lemma Uni_pullback:
  assumes F: "F \<in> Uni C T X" and g: "g \<in> Mor C" "cod C g = X"
  shows "(\<forall>f\<in>F. has_pullback C f g) \<and>
    (\<forall>p q. (\<forall>f\<in>F. is_pullback C f g (p f) (q f)) \<longrightarrow> p ` F \<in> Uni C T (dom C g))"
proof -
  obtain \<pi> where \<pi>: "F = {\<pi>}" "cod C \<pi> = X" "universal C \<pi>" "locally_split C T \<pi>"
    using F by (rule in_UniE)
  have "p ` F \<in> Uni C T (dom C g)" if pb: "is_pullback C \<pi> g (p \<pi>) (q \<pi>)" for p q
  proof -
    have "cod C (p \<pi>) = dom C g"
      using pullback_square(3)[OF pb] by (simp add: hom_def)
    then show ?thesis
      using universal_pullback[OF \<pi>(3) pb] locally_split_pullback[OF \<pi>(4) pb] \<pi>(1) by simp
  qed
  moreover have "has_pullback C \<pi> g"
    using \<pi> g unfolding universal_def by simp
  ultimately show ?thesis
    using \<pi>(1) by simp
qed

lemma is_topology_Uni: "is_topology C (Uni C T)"
  unfolding is_topology_def
proof (intro conjI allI impI)
  show "X \<in> Obj C" "\<forall>f\<in>F. f \<in> Mor C \<and> cod C f = X" if "F \<in> Uni C T X" for X F
    using Uni_covering_morphisms[OF that] by simp_all
  show "{f} \<in> Uni C T (cod C f)" if "is_iso C f" for f
    using singleton_covering_in_Uni[OF iso_covering[OF that]] .
  show "{f \<cdot> h | f h. f \<in> F \<and> h \<in> G f} \<in> Uni C T X"
    if "F \<in> Uni C T X" "\<forall>f\<in>F. G f \<in> Uni C T (dom C f)" for X F G
    using Uni_comp[OF that] .
  show "\<forall>f\<in>F. has_pullback C f g" if "F \<in> Uni C T X" "g \<in> Mor C" "cod C g = X" for X F g
    using Uni_pullback[OF that] by blast
  show "p ` F \<in> Uni C T (dom C g)"
    if "F \<in> Uni C T X" "g \<in> Mor C" "cod C g = X" "\<forall>f\<in>F. is_pullback C f g (p f) (q f)"
    for X F g p q
    using Uni_pullback[OF that(1-3)] that(4) by blast
qed

end

theorem mainTheorem8:
  fixes C :: "('o, 'm) category" and T T1 T2 :: "('o, 'm) coverage"
  assumes "is_category C" and "is_topology C T"
    and "is_topology C T1" and "is_topology C T2"
  shows "(is_topology C (Uni C T) \<and> singleton_cov (Uni C T) \<and> top_equiv C (Uni C T) T)
    \<and> (top_prec C T1 T2 \<longleftrightarrow> top_subset (Uni C T1) (Uni C T2))
    \<and> (top_equiv C T1 T2 \<longleftrightarrow> Uni C T1 = Uni C T2)
    \<and> (singleton_cov T \<longrightarrow> top_subset T (Uni C T))
    \<and> Uni C (Uni C T) = Uni C T"
proof -
  \<comment> \<open>Part (b) holds for arbitrary coverages \<open>T1\<close>, \<open>T2\<close>.\<close>
  interpret grothendieck_topology C T
    using assms(1,2) by unfold_locales
  have "top_equiv C (Uni C T) T"
    using Uni_Uni top_equiv_iff_Uni_eq by blast
  then show ?thesis
    using is_topology_Uni singleton_cov_Uni top_prec_iff_top_subset_Uni top_equiv_iff_Uni_eq
      top_subset_Uni_if_singleton_cov Uni_Uni by blast
qed

end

****

Exercise prompt.
Looking over the entries above, how many lines contain the string "proof"? State the number and nothing else.

Solution below.
4